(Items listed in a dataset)
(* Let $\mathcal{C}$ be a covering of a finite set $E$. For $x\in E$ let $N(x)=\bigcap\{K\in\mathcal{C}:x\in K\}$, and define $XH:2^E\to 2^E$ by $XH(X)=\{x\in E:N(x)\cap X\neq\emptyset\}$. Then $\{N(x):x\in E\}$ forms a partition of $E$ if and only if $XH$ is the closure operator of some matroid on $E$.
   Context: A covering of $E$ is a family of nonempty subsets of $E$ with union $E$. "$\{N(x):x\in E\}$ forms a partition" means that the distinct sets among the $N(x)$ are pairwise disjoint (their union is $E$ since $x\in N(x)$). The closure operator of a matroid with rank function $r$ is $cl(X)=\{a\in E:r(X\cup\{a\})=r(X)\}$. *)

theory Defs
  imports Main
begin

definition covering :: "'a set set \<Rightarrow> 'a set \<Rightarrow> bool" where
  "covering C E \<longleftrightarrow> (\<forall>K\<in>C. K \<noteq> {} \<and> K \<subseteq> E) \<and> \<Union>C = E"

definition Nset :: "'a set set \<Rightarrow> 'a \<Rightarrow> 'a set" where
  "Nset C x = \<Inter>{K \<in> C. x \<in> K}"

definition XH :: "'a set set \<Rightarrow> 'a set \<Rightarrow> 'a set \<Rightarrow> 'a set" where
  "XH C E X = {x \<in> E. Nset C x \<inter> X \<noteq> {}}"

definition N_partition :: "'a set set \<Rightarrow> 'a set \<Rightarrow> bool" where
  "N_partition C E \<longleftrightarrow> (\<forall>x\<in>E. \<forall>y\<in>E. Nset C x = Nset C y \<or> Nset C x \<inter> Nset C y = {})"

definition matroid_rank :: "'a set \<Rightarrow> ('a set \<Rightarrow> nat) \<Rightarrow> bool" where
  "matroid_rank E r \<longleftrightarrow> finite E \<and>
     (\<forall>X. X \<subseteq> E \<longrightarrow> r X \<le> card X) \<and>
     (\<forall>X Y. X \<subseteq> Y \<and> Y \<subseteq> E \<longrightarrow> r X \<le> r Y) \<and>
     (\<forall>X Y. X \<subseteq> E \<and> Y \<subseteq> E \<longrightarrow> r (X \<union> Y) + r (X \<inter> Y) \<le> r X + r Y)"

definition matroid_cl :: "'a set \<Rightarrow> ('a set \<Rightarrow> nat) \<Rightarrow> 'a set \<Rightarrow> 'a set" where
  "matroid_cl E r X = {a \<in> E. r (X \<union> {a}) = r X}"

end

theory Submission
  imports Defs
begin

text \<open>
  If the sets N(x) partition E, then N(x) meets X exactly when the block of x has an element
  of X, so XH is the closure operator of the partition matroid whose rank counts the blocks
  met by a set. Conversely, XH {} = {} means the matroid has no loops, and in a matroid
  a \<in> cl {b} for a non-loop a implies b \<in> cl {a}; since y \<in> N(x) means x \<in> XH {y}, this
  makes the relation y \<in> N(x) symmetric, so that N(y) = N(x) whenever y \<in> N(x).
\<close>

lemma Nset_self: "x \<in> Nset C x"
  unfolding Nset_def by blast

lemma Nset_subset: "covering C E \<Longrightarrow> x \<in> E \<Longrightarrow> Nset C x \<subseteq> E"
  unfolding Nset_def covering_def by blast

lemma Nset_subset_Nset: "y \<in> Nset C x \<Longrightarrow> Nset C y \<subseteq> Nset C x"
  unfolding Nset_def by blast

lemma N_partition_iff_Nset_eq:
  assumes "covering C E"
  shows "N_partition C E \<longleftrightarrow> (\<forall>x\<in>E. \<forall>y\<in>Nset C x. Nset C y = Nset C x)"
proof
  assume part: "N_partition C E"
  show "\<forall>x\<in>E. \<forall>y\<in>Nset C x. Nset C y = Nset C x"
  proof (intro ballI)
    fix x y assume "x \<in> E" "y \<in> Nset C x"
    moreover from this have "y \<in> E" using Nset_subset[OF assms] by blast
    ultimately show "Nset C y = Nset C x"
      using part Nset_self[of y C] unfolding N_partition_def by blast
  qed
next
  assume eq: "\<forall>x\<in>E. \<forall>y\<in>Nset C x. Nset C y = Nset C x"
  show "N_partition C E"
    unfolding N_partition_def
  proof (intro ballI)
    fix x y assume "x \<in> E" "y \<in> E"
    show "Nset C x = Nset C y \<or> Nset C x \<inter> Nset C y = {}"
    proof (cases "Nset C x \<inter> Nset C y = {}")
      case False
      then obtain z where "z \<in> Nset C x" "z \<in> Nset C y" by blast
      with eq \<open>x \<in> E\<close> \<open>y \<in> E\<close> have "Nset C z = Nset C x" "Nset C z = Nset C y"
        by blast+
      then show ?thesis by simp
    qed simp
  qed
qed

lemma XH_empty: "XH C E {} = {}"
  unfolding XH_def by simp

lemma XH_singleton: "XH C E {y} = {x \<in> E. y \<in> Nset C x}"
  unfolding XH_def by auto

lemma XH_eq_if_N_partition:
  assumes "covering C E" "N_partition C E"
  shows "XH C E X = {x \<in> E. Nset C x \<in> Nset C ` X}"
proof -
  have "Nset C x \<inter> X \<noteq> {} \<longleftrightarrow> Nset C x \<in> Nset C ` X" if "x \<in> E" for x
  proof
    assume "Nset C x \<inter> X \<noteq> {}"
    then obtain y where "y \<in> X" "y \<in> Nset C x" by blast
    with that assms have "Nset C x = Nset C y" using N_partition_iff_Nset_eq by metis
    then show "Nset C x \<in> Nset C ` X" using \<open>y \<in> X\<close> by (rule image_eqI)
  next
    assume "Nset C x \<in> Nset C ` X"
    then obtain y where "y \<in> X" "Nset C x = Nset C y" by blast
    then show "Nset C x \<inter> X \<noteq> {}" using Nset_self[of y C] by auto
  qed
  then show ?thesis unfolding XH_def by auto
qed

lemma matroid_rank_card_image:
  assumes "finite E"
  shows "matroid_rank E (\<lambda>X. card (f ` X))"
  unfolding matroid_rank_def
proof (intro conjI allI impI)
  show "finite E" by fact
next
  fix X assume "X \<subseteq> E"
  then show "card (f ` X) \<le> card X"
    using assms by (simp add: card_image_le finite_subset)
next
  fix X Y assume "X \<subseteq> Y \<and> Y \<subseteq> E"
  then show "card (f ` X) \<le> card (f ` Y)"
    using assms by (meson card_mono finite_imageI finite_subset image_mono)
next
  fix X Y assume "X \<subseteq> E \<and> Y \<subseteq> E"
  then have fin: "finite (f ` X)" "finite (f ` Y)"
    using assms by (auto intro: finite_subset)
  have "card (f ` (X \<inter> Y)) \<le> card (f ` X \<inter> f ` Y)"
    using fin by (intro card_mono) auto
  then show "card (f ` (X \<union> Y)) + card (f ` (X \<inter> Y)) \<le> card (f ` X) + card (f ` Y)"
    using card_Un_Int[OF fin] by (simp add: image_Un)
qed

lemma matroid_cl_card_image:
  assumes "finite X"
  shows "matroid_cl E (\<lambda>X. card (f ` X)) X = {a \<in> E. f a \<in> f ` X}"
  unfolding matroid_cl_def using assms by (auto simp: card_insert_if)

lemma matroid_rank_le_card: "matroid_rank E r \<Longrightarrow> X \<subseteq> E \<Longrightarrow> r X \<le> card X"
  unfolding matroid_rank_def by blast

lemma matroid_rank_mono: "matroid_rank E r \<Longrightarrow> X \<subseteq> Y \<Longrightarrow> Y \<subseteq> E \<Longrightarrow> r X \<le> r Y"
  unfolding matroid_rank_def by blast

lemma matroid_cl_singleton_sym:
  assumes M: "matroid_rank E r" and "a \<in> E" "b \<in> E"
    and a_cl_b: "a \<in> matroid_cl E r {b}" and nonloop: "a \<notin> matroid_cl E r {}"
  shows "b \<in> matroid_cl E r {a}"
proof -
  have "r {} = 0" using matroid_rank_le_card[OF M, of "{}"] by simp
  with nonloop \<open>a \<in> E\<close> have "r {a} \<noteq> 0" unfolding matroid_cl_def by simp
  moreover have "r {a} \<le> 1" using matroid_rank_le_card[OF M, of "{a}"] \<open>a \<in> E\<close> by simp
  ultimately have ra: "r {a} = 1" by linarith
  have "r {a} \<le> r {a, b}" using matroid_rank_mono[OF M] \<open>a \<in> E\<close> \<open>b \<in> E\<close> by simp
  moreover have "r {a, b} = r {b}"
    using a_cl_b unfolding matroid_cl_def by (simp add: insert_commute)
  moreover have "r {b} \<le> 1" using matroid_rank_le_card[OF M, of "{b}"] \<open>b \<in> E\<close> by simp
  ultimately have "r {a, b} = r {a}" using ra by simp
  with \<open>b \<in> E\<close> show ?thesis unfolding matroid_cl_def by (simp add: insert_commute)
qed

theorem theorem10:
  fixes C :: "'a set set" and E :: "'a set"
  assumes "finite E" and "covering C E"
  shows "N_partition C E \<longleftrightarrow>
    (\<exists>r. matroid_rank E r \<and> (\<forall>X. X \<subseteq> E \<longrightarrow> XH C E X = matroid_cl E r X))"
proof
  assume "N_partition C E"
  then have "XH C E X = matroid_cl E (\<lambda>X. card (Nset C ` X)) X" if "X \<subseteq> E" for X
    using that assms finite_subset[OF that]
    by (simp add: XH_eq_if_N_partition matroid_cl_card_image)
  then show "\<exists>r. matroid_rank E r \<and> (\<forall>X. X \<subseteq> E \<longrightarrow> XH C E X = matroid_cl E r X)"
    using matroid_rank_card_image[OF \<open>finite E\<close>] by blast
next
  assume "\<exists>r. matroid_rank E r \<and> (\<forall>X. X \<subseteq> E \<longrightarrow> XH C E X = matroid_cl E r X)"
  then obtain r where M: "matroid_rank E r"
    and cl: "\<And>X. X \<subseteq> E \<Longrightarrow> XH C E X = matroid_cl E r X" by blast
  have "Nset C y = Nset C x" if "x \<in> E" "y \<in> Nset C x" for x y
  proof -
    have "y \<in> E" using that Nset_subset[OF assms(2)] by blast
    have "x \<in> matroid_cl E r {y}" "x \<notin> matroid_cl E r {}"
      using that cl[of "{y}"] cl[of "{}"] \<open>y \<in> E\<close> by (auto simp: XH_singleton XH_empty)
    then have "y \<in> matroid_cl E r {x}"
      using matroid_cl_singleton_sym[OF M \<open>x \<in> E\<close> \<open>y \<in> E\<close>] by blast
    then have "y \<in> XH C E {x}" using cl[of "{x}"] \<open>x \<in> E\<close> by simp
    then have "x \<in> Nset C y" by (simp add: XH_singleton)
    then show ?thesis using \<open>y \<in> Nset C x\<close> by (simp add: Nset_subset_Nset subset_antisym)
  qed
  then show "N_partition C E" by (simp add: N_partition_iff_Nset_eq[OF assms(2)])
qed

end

• [WHAT IS NEEDED]: Look back at the data above. Transcribe exactly the lines starting at the line that contains "imports Main" and ending at the line that contains "(\<forall>X Y. X \<subseteq> Y".

• [WRITTEN RESPONSE]:
  imports Main
begin

definition covering :: "'a set set \<Rightarrow> 'a set \<Rightarrow> bool" where
  "covering C E \<longleftrightarrow> (\<forall>K\<in>C. K \<noteq> {} \<and> K \<subseteq> E) \<and> \<Union>C = E"

definition Nset :: "'a set set \<Rightarrow> 'a \<Rightarrow> 'a set" where
  "Nset C x = \<Inter>{K \<in> C. x \<in> K}"

definition XH :: "'a set set \<Rightarrow> 'a set \<Rightarrow> 'a set \<Rightarrow> 'a set" where
  "XH C E X = {x \<in> E. Nset C x \<inter> X \<noteq> {}}"

definition N_partition :: "'a set set \<Rightarrow> 'a set \<Rightarrow> bool" where
  "N_partition C E \<longleftrightarrow> (\<forall>x\<in>E. \<forall>y\<in>E. Nset C x = Nset C y \<or> Nset C x \<inter> Nset C y = {})"

definition matroid_rank :: "'a set \<Rightarrow> ('a set \<Rightarrow> nat) \<Rightarrow> bool" where
  "matroid_rank E r \<longleftrightarrow> finite E \<and>
     (\<forall>X. X \<subseteq> E \<longrightarrow> r X \<le> card X) \<and>
     (\<forall>X Y. X \<subseteq> Y \<and> Y \<subseteq> E \<longrightarrow> r X \<le> r Y) \<and>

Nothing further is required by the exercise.